definition perm_orbits :: "nat \<Rightarrow> (nat \<Rightarrow> nat) \<Rightarrow> nat set set" where
  "perm_orbits n \<sigma> = perm_orbit \<sigma> ` {0..<n}"

definition bicirculant :: "nat \<Rightarrow> (nat \<Rightarrow> nat \<Rightarrow> bool) \<Rightarrow> bool" where
  "bicirculant n E \<longleftrightarrow> (\<exists>\<sigma>. graph_automorphism n E \<sigma> \<and> card (perm_orbits n \<sigma>) = 2 \<and>
     (\<forall>O1\<in>perm_orbits n \<sigma>. \<forall>O2\<in>perm_orbits n \<sigma>. card O1 = card O2))"

end

theory Submission
  imports Defs "HOL-Combinatorics.Cycles"
begin

(* Let \<sigma> be the automorphism with orbits U \<ni> u and V \<ni> v of common size m, so n = 2m, and let x
   span the kernel. Since the kernel is one-dimensional, x \<circ> \<sigma> = c x with c = \<plusminus>1, hence x = \<plusminus>x u
   on U and x = \<plusminus>x v on V. Let S and R be the numbers of neighbours of u in U and in V; double
   counting and regularity show that v has R neighbours in U and S in V. The kernel equations at u
   and v then form a singular 2x2 integer system whose entries have the parities of S, R, R, S, so
   S and R have equal parity and d = S + R is even. If m is odd, then c = 1, the system becomes
   S^2 = R^2, and S is even because the neighbours of u inside the circulant on U come in pairs
   \<sigma>^k u, \<sigma>^(m-k) u; hence 4 divides d.
   A nut graph has no isolated vertices and no two vertices with equal neighbourhoods, and every
   proper vertex set U has a vertex with neighbours both inside and outside U (otherwise flipping
   the sign of x on U gives a second kernel vector). This excludes d = 0 and n = d + 2. For d = 2
   it forces S = R = 1, and then u is a twin of \<sigma>^(m/2) z, where z is its neighbour in V. *)

locale finite_perm =
  fixes A :: "nat set" and \<sigma> :: "nat \<Rightarrow> nat"
  assumes finite_A: "finite A" and bij: "bij_betw \<sigma> A A"
begin

lemma funpow_mem: "i \<in> A \<Longrightarrow> (\<sigma> ^^ k) i \<in> A"
  using bij_betw_funpow[OF bij] bij_betwE by blast

lemma funpow_inj: "i \<in> A \<Longrightarrow> j \<in> A \<Longrightarrow> (\<sigma> ^^ k) i = (\<sigma> ^^ k) j \<Longrightarrow> i = j"
  using bij_betw_imp_inj_on[OF bij_betw_funpow[OF bij]] by (auto dest: inj_onD)

lemma periodic:
  assumes "i \<in> A"
  shows "\<exists>k>0. (\<sigma> ^^ k) i = i"
proof -
  have "(\<lambda>k. (\<sigma> ^^ k) i) ` {..card A} \<subseteq> A"
    using funpow_mem assms by auto
  hence "\<not> inj_on (\<lambda>k. (\<sigma> ^^ k) i) {..card A}"
    using card_inj_on_le[OF _ _ finite_A] by fastforce
  then obtain a b where "a < b" and ab: "(\<sigma> ^^ a) i = (\<sigma> ^^ b) i"
    unfolding inj_on_def by (metis linorder_neqE_nat)
  have "(\<sigma> ^^ a) ((\<sigma> ^^ (b - a)) i) = (\<sigma> ^^ a) i"
    using ab \<open>a < b\<close> by (metis funpow_add comp_apply le_add_diff_inverse less_imp_le)
  hence "(\<sigma> ^^ (b - a)) i = i"
    using funpow_inj funpow_mem assms by blast
  thus ?thesis using \<open>a < b\<close> by (intro exI[of _ "b - a"]) auto
qed

lemma least_power_pos: "i \<in> A \<Longrightarrow> 0 < least_power \<sigma> i"
  by (metis periodic least_powerI(2))

lemma funpow_least_power: "i \<in> A \<Longrightarrow> (\<sigma> ^^ least_power \<sigma> i) i = i"
  by (metis periodic least_powerI(1))

lemma funpow_mult_least_power: "i \<in> A \<Longrightarrow> (\<sigma> ^^ (q * least_power \<sigma> i)) i = i"
  by (induction q) (simp_all add: funpow_add funpow_least_power)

· · ·

Task description: Starting with the line that holds "A nut graph" and ending with the line that holds "using funpow_inj funpow_mem", retype every line in the data above exactly, and nothing else.

Written answer:
   A nut graph has no isolated vertices and no two vertices with equal neighbourhoods, and every
   proper vertex set U has a vertex with neighbours both inside and outside U (otherwise flipping
   the sign of x on U gives a second kernel vector). This excludes d = 0 and n = d + 2. For d = 2
   it forces S = R = 1, and then u is a twin of \<sigma>^(m/2) z, where z is its neighbour in V. *)

locale finite_perm =
  fixes A :: "nat set" and \<sigma> :: "nat \<Rightarrow> nat"
  assumes finite_A: "finite A" and bij: "bij_betw \<sigma> A A"
begin

lemma funpow_mem: "i \<in> A \<Longrightarrow> (\<sigma> ^^ k) i \<in> A"
  using bij_betw_funpow[OF bij] bij_betwE by blast

lemma funpow_inj: "i \<in> A \<Longrightarrow> j \<in> A \<Longrightarrow> (\<sigma> ^^ k) i = (\<sigma> ^^ k) j \<Longrightarrow> i = j"
  using bij_betw_imp_inj_on[OF bij_betw_funpow[OF bij]] by (auto dest: inj_onD)

lemma periodic:
  assumes "i \<in> A"
  shows "\<exists>k>0. (\<sigma> ^^ k) i = i"
proof -
  have "(\<lambda>k. (\<sigma> ^^ k) i) ` {..card A} \<subseteq> A"
    using funpow_mem assms by auto
  hence "\<not> inj_on (\<lambda>k. (\<sigma> ^^ k) i) {..card A}"
    using card_inj_on_le[OF _ _ finite_A] by fastforce
  then obtain a b where "a < b" and ab: "(\<sigma> ^^ a) i = (\<sigma> ^^ b) i"
    unfolding inj_on_def by (metis linorder_neqE_nat)
  have "(\<sigma> ^^ a) ((\<sigma> ^^ (b - a)) i) = (\<sigma> ^^ a) i"
    using ab \<open>a < b\<close> by (metis funpow_add comp_apply le_add_diff_inverse less_imp_le)
  hence "(\<sigma> ^^ (b - a)) i = i"
    using funpow_inj funpow_mem assms by blast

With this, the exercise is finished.